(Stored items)
lemma weighted_inner_gram_left_inverse:
  assumes "\<And>i j. i \<in> I \<Longrightarrow> j \<in> I \<Longrightarrow>
      (\<Sum>k\<in>I. N i k * weighted_inner S w (e k) (e j)) = (if i = j then 1 else 0)"
    and "i \<in> I" "j \<in> I"
  shows "weighted_inner S w (e j) (\<lambda>x. \<Sum>k\<in>I. N i k * e k x) = (if i = j then 1 else 0)"
  using assms by (simp add: weighted_inner_sum_right weighted_inner_commute[of S w "e j"])

lemma weighted_inner_dual_coefficient:
  assumes I: "finite I"
    and dual: "\<And>i j. i \<in> I \<Longrightarrow> j \<in> I \<Longrightarrow> weighted_inner S w (e j) (\<psi> i) = (if i = j then 1 else 0)"
    and f: "\<And>x. x \<in> S \<Longrightarrow> f x = (\<Sum>j\<in>I. c j * e j x)"
    and i: "i \<in> I"
  shows "weighted_inner S w f (\<psi> i) = c i"
proof -
  have "weighted_inner S w f (\<psi> i) = (\<Sum>j\<in>I. c j * weighted_inner S w (e j) (\<psi> i))"
    using f by (simp add: weighted_inner_cong[of S f] weighted_inner_sum_left)
  also have "\<dots> = (\<Sum>j\<in>I. c j * of_bool (j = i))"
    using i by (intro sum.cong) (auto simp: dual)
  also have "\<dots> = c i"
    using I i by simp
  finally show ?thesis .
qed

section \<open>The binary cube and Walsh functions\<close>

lemma finite_Dset: "finite (Dset d)"
  by (simp add: Dset_def)

lemma cube_subset_indicators: "cube d \<subseteq> (\<lambda>A j. if j \<in> A then 1 else 0) ` Pow (Dset d)"
proof
  fix x assume x: "x \<in> cube d"
  have "x = (\<lambda>j. if j \<in> {j \<in> Dset d. x j = 1} then 1 else 0)"
    using x unfolding cube_def by (force simp: fun_eq_iff)
  then show "x \<in> (\<lambda>A j. if j \<in> A then 1 else 0) ` Pow (Dset d)"
    by blast
qed

lemma finite_cube: "finite (cube d)"
  using finite_subset[OF cube_subset_indicators] finite_Dset by blast

lemma card_cube_le: "card (cube d) \<le> card (Pow (Dset d))"
  using card_mono[OF _ cube_subset_indicators] card_image_le finite_Dset le_trans by blast

lemma zero_in_cube: "(\<lambda>_. 0) \<in> cube d"
  by (simp add: cube_def)

definition walsh :: "nat set \<Rightarrow> (nat \<Rightarrow> nat) \<Rightarrow> real" where
  "walsh A x = (-1) ^ (\<Sum>i\<in>A. x i)"

lemma walsh_mult_self: "walsh A x * walsh A x = 1"
  by (simp add: walsh_def power_add[symmetric])

lemma ebasis_eq_walsh: "ebasis M X A x = walsh A x / margP M X A x"
  by (simp add: ebasis_def walsh_def)

lemma ebasis_cong: "(\<And>j. j \<in> B \<Longrightarrow> x j = y j) \<Longrightarrow> ebasis M X B x = ebasis M X B y"
  by (simp add: ebasis_def margP_def)

lemma walsh_flip:
  assumes "finite A" "j \<in> A" "x j \<in> {0, 1}"
  shows "walsh A (x(j := 1 - x j)) = - walsh A x"
proof -
  have "(\<Sum>i\<in>A. (x(j := 1 - x j)) i) = (1 - x j) + (\<Sum>i\<in>A - {j}. x i)"
    using assms(1,2) by (simp add: sum.remove)
  moreover have "(\<Sum>i\<in>A. x i) = x j + (\<Sum>i\<in>A - {j}. x i)"
    using assms(1,2) by (simp add: sum.remove)
  ultimately show ?thesis
    using assms(3) by (auto simp: walsh_def power_add)
qed

lemma sum_walsh_ebasis_eq_0:
  assumes j: "j \<in> A" "j \<notin> B" and A: "A \<subseteq> Dset d"
  shows "(\<Sum>x\<in>cube d. walsh A x * ebasis M X B x) = 0"
proof -
  define flip where "flip x = x(j := 1 - x j)" for x :: "nat \<Rightarrow> nat"
  have jD: "j \<in> Dset d" and finA: "finite A"
    using j A finite_Dset finite_subset by blast+
  have binary: "x j \<in> {0, 1}" if "x \<in> cube d" for x
    using that jD by (auto simp: cube_def)
  have flip_in: "flip x \<in> cube d" if "x \<in> cube d" for x
    using that jD by (auto simp: cube_def flip_def)
  have flip_flip: "flip (flip x) = x" if "x \<in> cube d" for x
    using binary[OF that] by (auto simp: flip_def fun_eq_iff)
  have "walsh A (flip x) * ebasis M X B (flip x) = - (walsh A x * ebasis M X B x)"
    if "x \<in> cube d" for x
  proof -
    have "ebasis M X B (flip x) = ebasis M X B x"
      using j(2) by (intro ebasis_cong) (auto simp: flip_def)
    then show ?thesis
      using walsh_flip[of A j x, OF finA j(1) binary[OF that]] by (simp add: flip_def)
  qed
  then have "(\<Sum>x\<in>cube d. walsh A x * ebasis M X B x) = - (\<Sum>x\<in>cube d. walsh A x * ebasis M X B x)"
    unfolding sum_negf[symmetric]
    by (intro sum.reindex_bij_witness[of _ flip flip]) (auto simp: flip_in flip_flip)
  then show ?thesis
    by simp
qed
lemma has_partial_dint_mix:
  fixes \<Phi> :: "real^3 \<Rightarrow> real" and G G' :: "real \<Rightarrow> real"
  assumes G: "\<And>y. y \<in> {b<..<a} \<Longrightarrow> (G has_real_derivative G' y) (at y)"
    and G': "continuous_on {b<..<a} G'" and P: "continuous_on_square P"
    and \<Phi>: "\<And>w. (\<And>m. w$m \<in> {b<..<a}) \<Longrightarrow> \<Phi> w = dint (\<lambda>\<mu> \<tau>. P \<mu> \<tau> * G (mix \<mu> \<tau> w))"
    and v: "\<And>m. v$m \<in> {b<..<a}"
  shows "has_partial \<Phi> j v (dint (\<lambda>\<mu> \<tau>. P \<mu> \<tau> * mix \<mu> \<tau> (axis j 1) * G' (mix \<mu> \<tau> v)))"
proof -
  obtain \<delta> where "\<delta> > 0" and \<delta>: "\<And>m. v$m \<in> {b + 2 * \<delta>..a - 2 * \<delta>}"
    using coordinates_margin[OF v] by blast
  have "((\<lambda>t. dint (\<lambda>\<mu> \<tau>. P \<mu> \<tau> * G (mix \<mu> \<tau> (v + t *\<^sub>R axis j 1)))) has_real_derivative
      dint (\<lambda>\<mu> \<tau>. P \<mu> \<tau> * mix \<mu> \<tau> (axis j 1) * G' (mix \<mu> \<tau> v))) (at 0)"
  proof (rule has_real_derivative_dint_mix[OF _ _ P \<open>\<delta> > 0\<close>])
    show "(G has_real_derivative G' y) (at y)" if "y \<in> {b + \<delta>..a - \<delta>}" for y
      using G that \<open>\<delta> > 0\<close> by auto
    show "continuous_on {b + \<delta>..a - \<delta>} G'"
      by (rule continuous_on_subset[OF G']) (use \<open>\<delta> > 0\<close> in auto)
    show "v$m \<in> {b + \<delta> + \<delta>..a - \<delta> - \<delta>}" for m
      using \<delta>[of m] by auto
  qed
  then show ?thesis
    unfolding has_partial_def
  proof (rule has_field_derivative_transform_within_open[where S="ball 0 \<delta>"])
    fix t :: real assume "t \<in> ball 0 \<delta>"
    then have "(v + t *\<^sub>R axis j 1)$m \<in> {b<..<a}" for m
      using \<delta>[of m] \<open>\<delta> > 0\<close> by (auto simp: axis_def)
    then show "dint (\<lambda>\<mu> \<tau>. P \<mu> \<tau> * G (mix \<mu> \<tau> (v + t *\<^sub>R axis j 1))) = \<Phi> (v + t *\<^sub>R axis j 1)"
      by (simp add: \<Phi>)
  qed (use \<open>\<delta> > 0\<close> in auto)
qed

lemma qfun_eq_dint: "qfun f u = dint (\<lambda>\<mu> \<tau>. 1 / (2 * sqrt 2 * pi) * f (mix \<mu> \<tau> u))"
proof -
  have "integral {-1..1} (\<lambda>\<mu>. f ((1+\<mu>)/2 * ((1+\<tau>)/2) * u$1 + (1+\<mu>)/2 * ((1-\<tau>)/2) * u$2 + (1-\<mu>)/2 * u$3)
       / sqrt ((1-\<mu>) * (1-\<tau>^2))) = integral {-1..1} (\<lambda>\<mu>. f (mix \<mu> \<tau> u) * rho \<mu>) * sigma \<tau>" for \<tau>
    unfolding integral_mult_left[symmetric]
    by (intro integral_cong) (simp add: mix_def rho_def sigma_def real_sqrt_mult)
  then show ?thesis
    by (simp add: qfun_def dint_def mult.assoc integral_mult_right)
qed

--- Task instructions ---
What you return must be an exact retyping of the lines above starting at the line with "using \<delta>[of m] \<open>\<delta>" and ending at the line with "sqrt ((1-\<mu>) *", and nothing besides.

--- Worked solution ---
      using \<delta>[of m] \<open>\<delta> > 0\<close> by (auto simp: axis_def)
    then show "dint (\<lambda>\<mu> \<tau>. P \<mu> \<tau> * G (mix \<mu> \<tau> (v + t *\<^sub>R axis j 1))) = \<Phi> (v + t *\<^sub>R axis j 1)"
      by (simp add: \<Phi>)
  qed (use \<open>\<delta> > 0\<close> in auto)
qed

lemma qfun_eq_dint: "qfun f u = dint (\<lambda>\<mu> \<tau>. 1 / (2 * sqrt 2 * pi) * f (mix \<mu> \<tau> u))"
proof -
  have "integral {-1..1} (\<lambda>\<mu>. f ((1+\<mu>)/2 * ((1+\<tau>)/2) * u$1 + (1+\<mu>)/2 * ((1-\<tau>)/2) * u$2 + (1-\<mu>)/2 * u$3)
       / sqrt ((1-\<mu>) * (1-\<tau>^2))) = integral {-1..1} (\<lambda>\<mu>. f (mix \<mu> \<tau> u) * rho \<mu>) * sigma \<tau>" for \<tau>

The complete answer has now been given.